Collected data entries
● ● ● ●

(* For each $t\in[0,1)$ the operator $C_t\colon H(\mathbb{D})\to H(\mathbb{D})$ is a topological isomorphism of $H(\mathbb{D})$ onto itself (a continuous linear bijection with continuous inverse) and, hence, it is not compact.
   Context: $\mathbb{D}=\{z\in\mathbb{C}:|z|<1\}$ and $H(\mathbb{D})$ is the Fréchet space of holomorphic functions on $\mathbb{D}$ with the topology of uniform convergence on compact subsets. For $t\in[0,1]$, $C_t$ is defined on $f\in H(\mathbb{D})$ by $C_tf(0)=f(0)$ and $C_tf(z)=\frac{1}{z}\int_0^z\frac{f(\xi)}{1-t\xi}\,d\xi$ for $z\neq0$. A linear map $T$ between locally convex spaces is compact if some neighbourhood of $0$ is mapped onto a relatively compact set. *)

theory Defs
  imports "HOL-Complex_Analysis.Complex_Analysis"
begin

text \<open>Elements of H(D) are represented as functions complex => complex that are holomorphic
  on the unit disc and (for uniqueness of representatives) vanish outside it.\<close>

definition HD :: "(complex \<Rightarrow> complex) set" where
  "HD = {f. f holomorphic_on ball 0 1 \<and> (\<forall>z. z \<notin> ball 0 1 \<longrightarrow> f z = 0)}"

definition HD_open :: "(complex \<Rightarrow> complex) set \<Rightarrow> bool" where
  "HD_open U \<longleftrightarrow> U \<subseteq> HD \<and>
     (\<forall>f\<in>U. \<exists>K e. compact K \<and> K \<subseteq> ball 0 1 \<and> e > 0 \<and>
        {g\<in>HD. \<forall>z\<in>K. cmod (g z - f z) < e} \<subseteq> U)"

● ● ● ●

Brief: Exactly as they appear above, output the lines of the data from the first through the one that contains "f holomorphic_on ball", and only those lines.

Answer area:
(* For each $t\in[0,1)$ the operator $C_t\colon H(\mathbb{D})\to H(\mathbb{D})$ is a topological isomorphism of $H(\mathbb{D})$ onto itself (a continuous linear bijection with continuous inverse) and, hence, it is not compact.
   Context: $\mathbb{D}=\{z\in\mathbb{C}:|z|<1\}$ and $H(\mathbb{D})$ is the Fréchet space of holomorphic functions on $\mathbb{D}$ with the topology of uniform convergence on compact subsets. For $t\in[0,1]$, $C_t$ is defined on $f\in H(\mathbb{D})$ by $C_tf(0)=f(0)$ and $C_tf(z)=\frac{1}{z}\int_0^z\frac{f(\xi)}{1-t\xi}\,d\xi$ for $z\neq0$. A linear map $T$ between locally convex spaces is compact if some neighbourhood of $0$ is mapped onto a relatively compact set. *)

theory Defs
  imports "HOL-Complex_Analysis.Complex_Analysis"
begin

text \<open>Elements of H(D) are represented as functions complex => complex that are holomorphic
  on the unit disc and (for uniqueness of representatives) vanish outside it.\<close>

definition HD :: "(complex \<Rightarrow> complex) set" where
  "HD = {f. f holomorphic_on ball 0 1 \<and> (\<forall>z. z \<notin> ball 0 1 \<longrightarrow> f z = 0)}"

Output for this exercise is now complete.